Прокламацию писали образованные люди. Они знают, что ничего из того, о чем
они говорят народу, на самом деле, нет. Они знают, что и после того, как
царь решится опереться на Земский Собор, порядок на Руси останется
буржуазный. Они знают, отлично знают, что конституция не спасает маленького
собственника от пролетаризации, не дает работы, не охраняет рабочего ни от
нищеты, ни от развращения. Они знают, что высшее образование доступно не
всем, что оно есть монополия имущих. Они все это знают, - читали, видели,
сами говорили и писали, - знают и не могут не знать. - Вы, например, г.
Струве, вы, который одобряете "этот простой по форме и вразумительный по
содержанию призыв", ответьте прямо в "Освобождении": знаете вы все это или
нет?* - Да, они знают это. Но, сверх того, они знают, что народ, к которому
они обращаются, этого еще не знает. И они говорят народу то, чего нет, то,
во что они сами не верят. Они лгут народу. Они обманывают народ.
/* Ответить прямо на этот вопрос мы приглашали г-на Струве еще в октябре
прошлого года ("Искра", N 76). Пропитанный нравственным идеализмом редактор
"Освобождения" не ответил нам ни прямо, ни косвенно./
Неужели они не подумали, что у самого порога их встретит социал-демократия?

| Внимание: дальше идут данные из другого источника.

(* Let $n\ge 1$, let $M\in \mathrm{Sp}(2n,\mathbb{F}_2)$ be the symplectic matrix of an $n$-qubit Clifford operator $U$, and let $0\le w\le n$. Then there exist vectors $u_1,\dots,u_{4w}\in\mathbb{F}_2^{2n}$ such that the matrix $$M' := M\, S_{u_1} S_{u_2}\cdots S_{u_{4w}}$$ (i.e. first apply $E_{u_1}$ to every row of $M$, then $E_{u_2}$, and so on) satisfies $e_iM'=e_i$ and $f_iM'=f_i$ for all $1\le i\le w$, and $bM'\in\mathrm{span}\{e_j,f_j : w<j\le n\}$ for every $b\in\{e_j,f_j: w<j\le n\}$. Equivalently, the Clifford operator $R_{\pi/4}(P_{u_{4w}})\cdots R_{\pi/4}(P_{u_1})$ composed with $U$ (in the order corresponding to $M'$) has, up to Pauli operators and phases, support only on the last $n-w$ qubits; i.e. $4w$ Pauli $\pi/4$ rotations suffice to clean a Clifford frame off $w$ qubits.
   Context: Paulis and Cliffords are represented in the binary symplectic formalism. An $n$-qubit Pauli operator is identified (up to phase) with a row vector $v\in\mathbb{F}_2^{2n}$ via $P_v=\prod_{i=1}^n X_i^{v_i}Z_i^{v_{n+i}}$. The symplectic form is $\langle u,v\rangle=uJv^T$ with $J=\begin{bmatrix}0&I_n\\ I_n&0\end{bmatrix}$; $P_u,P_v$ commute iff $\langle u,v\rangle=0$. Let $e_1,\dots,e_{2n}$ be the standard basis of $\mathbb{F}_2^{2n}$ and $f_k:=e_{n+k}$ ($e_k$ corresponds to $X_k$, $f_k$ to $Z_k$). A Clifford $U$ is represented (ignoring Pauli corrections and phases) by a matrix $M_U$ with $M_UJM_U^T=J$, acting by $v\mapsto vM_U$ (conjugation $P\mapsto UPU^\dagger$); its $i$-th row is the image of the $i$-th basis vector. The Pauli $\pi/4$ rotation $R_{\pi/4}(P_u)$ maps $P\mapsto PP_u$ if $P$ anticommutes with $P_u$ and fixes $P$ otherwise; in symplectic form it acts as the transvection $E_u(v)=v+\langle u,v\rangle u$, whose matrix (row-vector convention $v\mapsto vS_u$) is denoted $S_u$. Each such rotation can be implemented by one logical Pauli product measurement with an ancilla. *)

theory Defs
  imports "HOL-Library.Z2" "Jordan_Normal_Form.VS_Connect"
begin

definition Jmat :: "nat \<Rightarrow> bit mat" where
  "Jmat n = four_block_mat (0\<^sub>m n n) (1\<^sub>m n) (1\<^sub>m n) (0\<^sub>m n n)"

definition symplectic :: "nat \<Rightarrow> bit mat \<Rightarrow> bool" where
  "symplectic n M \<longleftrightarrow> M \<in> carrier_mat (2*n) (2*n) \<and> M * Jmat n * transpose_mat M = Jmat n"

definition rmult :: "bit vec \<Rightarrow> bit mat \<Rightarrow> bit vec" (infixl "\<cdot>\<^sub>r" 70) where
  "v \<cdot>\<^sub>r M = vec (dim_col M) (\<lambda>j. v \<bullet> col M j)"

definition sform :: "nat \<Rightarrow> bit vec \<Rightarrow> bit vec \<Rightarrow> bit" where
  "sform n u v = u \<bullet> (Jmat n *\<^sub>v v)"

definition transv :: "nat \<Rightarrow> bit vec \<Rightarrow> bit vec \<Rightarrow> bit vec" where
  "transv n u v = v + sform n u v \<cdot>\<^sub>v u"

Что она позаботится о том, чтобы свести их на очную ставку с исторической
истиной? Неужели они не способны понять, что это ее право, ее обязанность?

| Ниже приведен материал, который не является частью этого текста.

(* In the binary model with $\lambda=g=\frac{\sqrt5-1}{2}$, the support $S$ of $\mu$ is almost surely totally disconnected.
   Context: Binary model. Let $T=\{1,2\}^*$ be the set of finite words over $\{1,2\}$ (the rooted binary tree; $v|j$ is the prefix of $v$ of length $j$). Let $\{a_v\}_{v\in T,\,|v|\ge1}$ be i.i.d. random variables with $\mathbb{P}(a_v=0)=\mathbb{P}(a_v=1)=\frac12$. Fix $\lambda\in(0,1)$. For $\omega\in\{1,2\}^{\mathbb{N}}$ put $f(\omega)=\sum_{j\ge1}a_{\omega|j}\lambda^j$. Let $\mu$ be the image under $f$ of the uniform product measure on $\{1,2\}^{\mathbb{N}}$, and $S=f(\{1,2\}^{\mathbb{N}})$ its (random, compact) support. *)

theory Defs
  imports "HOL-Probability.Probability"
begin

text \<open>Vertices of the rooted binary tree \<open>{1,2}^*\<close> are encoded as \<open>bool list\<close>
  (False ~ 1, True ~ 2); infinite words \<open>{1,2}^\<nat>\<close> as \<open>nat \<Rightarrow> bool\<close>.\<close>

definition prefix_word :: "(nat \<Rightarrow> bool) \<Rightarrow> nat \<Rightarrow> bool list" where
  "prefix_word \<omega> j = map \<omega> [0..<j]"

definition coding_map :: "real \<Rightarrow> (bool list \<Rightarrow> real) \<Rightarrow> (nat \<Rightarrow> bool) \<Rightarrow> real" where
  "coding_map lam a \<omega> = (\<Sum>j. a (prefix_word \<omega> (Suc j)) * lam ^ Suc j)"

definition attractor :: "real \<Rightarrow> (bool list \<Rightarrow> real) \<Rightarrow> real set" where
  "attractor lam a = range (coding_map lam a)"

text \<open>The law of the i.i.d. labels: each \<open>a_v\<close> uniform on {0,1}
  (the label of the root [] is also drawn but never used).\<close>
definition label_space :: "(bool list \<Rightarrow> real) measure" where
  "label_space = PiM UNIV (\<lambda>_. measure_pmf (pmf_of_set {0, 1}))"

definition totally_disconnected :: "'a::topological_space set \<Rightarrow> bool" where
  "totally_disconnected S \<longleftrightarrow> (\<forall>x\<in>S. connected_component_set S x = {x})"

end

theory Submission
  imports Defs
begin

text \<open>Since \<open>1/g = \<phi> = 1 + g\<close>, the coding map satisfies
  \<open>f(a, \<omega>) = g a(\<omega>|1) + g f(a', \<sigma>\<omega>)\<close>, where \<open>a'\<close> labels the subtree below \<open>\<omega>|1\<close>:
  descending one level maps a point \<open>x\<close> of \<open>S\<close> to \<open>\<phi> x - a(\<omega>|1)\<close>, again a point of the
  corresponding attractor, hence in \<open>[0, \<phi>]\<close>. This map preserves \<open>\<int>[\<phi>]\<close> and contracts
  Galois conjugates by the factor \<open>g\<close>. So if a point of \<open>\<int>[\<phi>]\<close> lies in \<open>S\<close>, then below
  some vertex there is an infinite path along which the rescaled point only takes the four
  values \<open>0, g, 1, \<phi>\<close>. Following these values down the tree is a critical four-type
  branching process: its survival probabilities satisfy \<open>p(n+1) \<le> e(n) + p(n) - p(n)\<^sup>2/4\<close>
  with \<open>e(n) \<rightarrow> 0\<close>, so it dies out almost surely. Hence
  almost surely \<open>S\<close> misses the countable dense set \<open>\<int>[\<phi>]\<close>, and a subset of \<open>\<real>\<close> missing a
  dense set is totally disconnected.\<close>

section \<open>The label space\<close>

abbreviation coin :: "real measure" where
  "coin \<equiv> measure_pmf (pmf_of_set {0, 1})"

interpretation label_space: prob_space label_space
  unfolding label_space_def by (intro prob_space_PiM prob_space_measure_pmf)

lemma space_label_space [simp]: "space label_space = UNIV"
  by (simp add: label_space_def space_PiM)

lemma events_Collect: "Measurable.pred label_space P \<Longrightarrow> {a. P a} \<in> label_space.events"
  by (simp add: pred_def)

lemma measurable_label [measurable]: "(\<lambda>a. a v) \<in> label_space \<rightarrow>\<^sub>M coin"
  unfolding label_space_def by (rule measurable_component_singleton) simp

lemma distr_label: "distr label_space coin (\<lambda>a. a v) = coin"
  unfolding label_space_def by (rule distr_PiM_component) (auto simp: prob_space_measure_pmf)

lemma prob_label: "label_space.prob {a. a v \<in> X} = measure coin X"
  using measure_distr[OF measurable_label, of X v] by (simp add: distr_label vimage_def)

lemma pred_label [measurable]: "Measurable.pred label_space (\<lambda>a. Q (a v))"
  by (rule measurable_compose[OF measurable_label]) (simp add: pred_def)

definition subtree :: "bool list \<Rightarrow> (bool list \<Rightarrow> real) \<Rightarrow> bool list \<Rightarrow> real" where
  "subtree v a = (\<lambda>w. a (v @ w))"

lemma subtree_Nil [simp]: "subtree [] a = a"
  and subtree_subtree [simp]: "subtree v (subtree w a) = subtree (w @ v) a"
  by (simp_all add: subtree_def)

lemma measurable_subtree [measurable]: "subtree v \<in> label_space \<rightarrow>\<^sub>M label_space"
  unfolding subtree_def label_space_def
  by (rule measurable_PiM_single') (auto simp: space_PiM intro: measurable_component_singleton)

lemma distr_subtree: "distr label_space label_space (subtree v) = label_space"
proof -
  have "distr (PiM UNIV (\<lambda>_. coin)) (PiM UNIV (\<lambda>_. coin)) (\<lambda>a. \<lambda>w\<in>UNIV. a (v @ w)) =
        PiM UNIV (\<lambda>_. coin)"
    using distr_PiM_reindex[of UNIV "\<lambda>_. coin" "\<lambda>w. v @ w" UNIV]
    by (simp add: prob_space_measure_pmf inj_on_def)
  moreover have "subtree v = (\<lambda>a. \<lambda>w\<in>UNIV. a (v @ w))"
    by (simp add: fun_eq_iff subtree_def)
  ultimately show ?thesis
    by (simp add: label_space_def)
qed

lemma prob_subtree:
  assumes "Measurable.pred label_space P"
  shows "label_space.prob {a. P (subtree v a)} = label_space.prob {a. P a}"
  using measure_distr[OF measurable_subtree, of "{a. P a}" v] assms
  by (simp add: distr_subtree pred_def vimage_def)

lemma indep_labels: "label_space.indep_vars (\<lambda>_. coin) (\<lambda>v a. a v) UNIV"
proof -
  have "(\<lambda>a. \<lambda>v\<in>UNIV. a v) = (\<lambda>a::bool list \<Rightarrow> real. a)"
    by (simp add: fun_eq_iff)
  then show ?thesis
    by (subst label_space.indep_vars_iff_distr_eq_PiM')
       (auto simp: distr_label[unfolded label_space_def] label_space_def distr_id2)
qed

lemma prob_conj_disjoint_supports:
  assumes "A \<inter> B = {}"
    and P: "Measurable.pred label_space P" "\<And>a a'. (\<forall>v\<in>A. a v = a' v) \<Longrightarrow> P a = P a'"
    and Q: "Measurable.pred label_space Q" "\<And>a a'. (\<forall>v\<in>B. a v = a' v) \<Longrightarrow> Q a = Q a'"
  shows "label_space.prob {a. P a \<and> Q a} = label_space.prob {a. P a} * label_space.prob {a. Q a}"
proof -
  define extend :: "bool list set \<Rightarrow> (bool list \<Rightarrow> real) \<Rightarrow> bool list \<Rightarrow> real" where
    "extend C h v = (if v \<in> C then h v else 0)" for C h v
  have extend_meas: "extend C \<in> PiM C (\<lambda>_. coin) \<rightarrow>\<^sub>M label_space" for C
    unfolding label_space_def
  proof (rule measurable_PiM_single')
    show "(\<lambda>h. extend C h v) \<in> PiM C (\<lambda>_. coin) \<rightarrow>\<^sub>M coin" for v
      by (cases "v \<in> C") (auto simp: extend_def intro: measurable_component_singleton)
  qed (auto simp: space_PiM)
  have P_extend: "P (extend A (restrict a A)) = P a" for a
    by (rule P(2)) (simp add: extend_def)
  have Q_extend: "Q (extend B (restrict a B)) = Q a" for a
    by (rule Q(2)) (simp add: extend_def)
  define X where "X = {h \<in> space (PiM A (\<lambda>_. coin)). P (extend A h)}"
  define Y where "Y = {h \<in> space (PiM B (\<lambda>_. coin)). Q (extend B h)}"
  have X: "X \<in> sets (PiM A (\<lambda>_. coin))" and Y: "Y \<in> sets (PiM B (\<lambda>_. coin))"
    using measurable_compose[OF extend_meas P(1)] measurable_compose[OF extend_meas Q(1)]
    by (simp_all add: X_def Y_def pred_def)
  have "label_space.indep_var (PiM A (\<lambda>_. coin)) (\<lambda>a. restrict a A) (PiM B (\<lambda>_. coin)) (\<lambda>a. restrict a B)"
    using label_space.indep_var_restrict[OF indep_labels \<open>A \<inter> B = {}\<close>] by simp
  from label_space.indep_varD[OF this X Y]
  have "label_space.prob ((\<lambda>a. (restrict a A, restrict a B)) -` (X \<times> Y)) =
      label_space.prob ((\<lambda>a. restrict a A) -` X) * label_space.prob ((\<lambda>a. restrict a B) -` Y)"
    by simp
  moreover have "(\<lambda>a. (restrict a A, restrict a B)) -` (X \<times> Y) = {a. P a \<and> Q a}"
    "(\<lambda>a. restrict a A) -` X = {a. P a}" "(\<lambda>a. restrict a B) -` Y = {a. Q a}"
    by (auto simp: X_def Y_def P_extend Q_extend space_PiM)
  ultimately show ?thesis
    by simp
qed

lemma prob_root_label: "label_space.prob {a. a [] = 1} = 1/2" "label_space.prob {a. a [] \<noteq> 1} = 1/2"
  using prob_label[of "[]" "{1}"] prob_label[of "[]" "-{1}"] by (auto simp: measure_pmf_of_set)

section \<open>Runs of a partial automaton down the labelled tree\<close>

fun survives :: "('s \<Rightarrow> bool \<Rightarrow> 's option) \<Rightarrow> 's \<Rightarrow> nat \<Rightarrow> (bool list \<Rightarrow> real) \<Rightarrow> bool" where
  "survives \<delta> s 0 a \<longleftrightarrow> True"
| "survives \<delta> s (Suc n) a \<longleftrightarrow>
     (\<exists>b s'. \<delta> s (a [b] = 1) = Some s' \<and> survives \<delta> s' n (subtree [b] a))"

definition child_survives :: "('s \<Rightarrow> bool \<Rightarrow> 's option) \<Rightarrow> 's \<Rightarrow> nat \<Rightarrow> (bool list \<Rightarrow> real) \<Rightarrow> bool" where
  "child_survives \<delta> s n a \<longleftrightarrow> (\<exists>s'. \<delta> s (a [] = 1) = Some s' \<and> survives \<delta> s' n a)"

lemma survives_Suc_iff:
  "survives \<delta> s (Suc n) a \<longleftrightarrow>
     child_survives \<delta> s n (subtree [False] a) \<or> child_survives \<delta> s n (subtree [True] a)"
  by (auto simp: child_survives_def subtree_def ex_bool_eq)

lemma survives_ignores_root:
  assumes "\<forall>v. v \<noteq> [] \<longrightarrow> a v = a' v"
  shows "survives \<delta> s n a = survives \<delta> s n a'"
proof (cases n)
  case (Suc m)
  have "subtree [b] a = subtree [b] a'" for b
    using assms by (simp add: subtree_def fun_eq_iff)
  then show ?thesis
    using assms by (simp add: Suc)
qed simp

lemma measurable_survives [measurable]:
  fixes \<delta> :: "'s::countable \<Rightarrow> bool \<Rightarrow> 's option"
  shows "Measurable.pred label_space (survives \<delta> s n)"
proof (induction n arbitrary: s)
  case (Suc n)
  have [measurable]: "Measurable.pred label_space (\<lambda>a. survives \<delta> s' n (subtree [b] a))" for s' b
    using measurable_compose[OF measurable_subtree Suc.IH] .
  show ?case
    by simp
qed (simp add: pred_def del: space_label_space)

lemma measurable_child_survives [measurable]:
  fixes \<delta> :: "'s::countable \<Rightarrow> bool \<Rightarrow> 's option"
  shows "Measurable.pred label_space (child_survives \<delta> s n)"
  unfolding child_survives_def by simp

lemma prob_child_survives:
  fixes \<delta> :: "'s::countable \<Rightarrow> bool \<Rightarrow> 's option" and s :: 's and n :: nat
  defines "q c \<equiv> label_space.prob {a. \<exists>s'. \<delta> s c = Some s' \<and> survives \<delta> s' n a}"
  shows "label_space.prob {a. child_survives \<delta> s n a} = (q True + q False) / 2"
proof -
  define E where "E c a \<longleftrightarrow> (\<exists>s'. \<delta> s c = Some s' \<and> survives \<delta> s' n a)" for c a
  have E_ignores_root: "E c a = E c a'" if "\<forall>v\<in>-{[]}. a v = a' v" for c a a'
  proof -
    have "survives \<delta> s' n a = survives \<delta> s' n a'" for s'
      using that by (intro survives_ignores_root) auto
    then show ?thesis
      by (simp add: E_def)
  qed
  have [measurable]: "Measurable.pred label_space (E c)" for c
    unfolding E_def by simp
  have root_indep: "label_space.prob {a. R (a []) \<and> E c a} = 1/2 * q c"
    if "label_space.prob {a. R (a [])} = 1/2" for R c
  proof -
    have "label_space.prob {a. R (a []) \<and> E c a} = label_space.prob {a. R (a [])} * label_space.prob {a. E c a}"
      by (rule prob_conj_disjoint_supports[of "{[]}" "-{[]}", OF _ _ _ _ E_ignores_root]) auto
    then show ?thesis
      using that by (simp add: q_def E_def)
  qed
  have "child_survives \<delta> s n a \<longleftrightarrow> a [] = 1 \<and> E True a \<or> a [] \<noteq> 1 \<and> E False a" for a
    by (cases "a [] = 1") (simp_all add: child_survives_def E_def)
  then have "{a. child_survives \<delta> s n a} = {a. a [] = 1 \<and> E True a} \<union> {a. a [] \<noteq> 1 \<and> E False a}"
    by auto
  also have "label_space.prob \<dots> =
      label_space.prob {a. a [] = 1 \<and> E True a} + label_space.prob {a. a [] \<noteq> 1 \<and> E False a}"
    by (rule label_space.finite_measure_Union) (auto intro!: events_Collect)
  finally show ?thesis
    using root_indep[OF prob_root_label(1)] root_indep[OF prob_root_label(2)] by simp
qed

И они могли думать, что социал-демократия вступит с ними в соглашение,
чтобы вместе с ними, на товарищеских началах, обманывать народ?!
Еслиб социал-демократия была только партией честного, решительного,
последовательного, непримиримого демократизма, она и тогда не могла бы не
выступить в полной обособленности и самостоятельности. Она и тогда не могла
бы поставить свои действия в какую бы то ни было зависимость от действий
или, вернее, бездействия той либеральной оппозиции, которая не смеет
назвать то, к чему она стремится, и не знает какими средствами добиться
того, что назвать она боится. Она и тогда не могла бы оказать никакого
политического кредита той "демократии", которая боролась за демократические
требования только в своих сновидениях, на деле же играла и играет роль
адвоката, секретаря и рассыльного при цензовом либерализме.
В то время как ищущая во что бы то ни стало компромисса оппозиция, т.-е.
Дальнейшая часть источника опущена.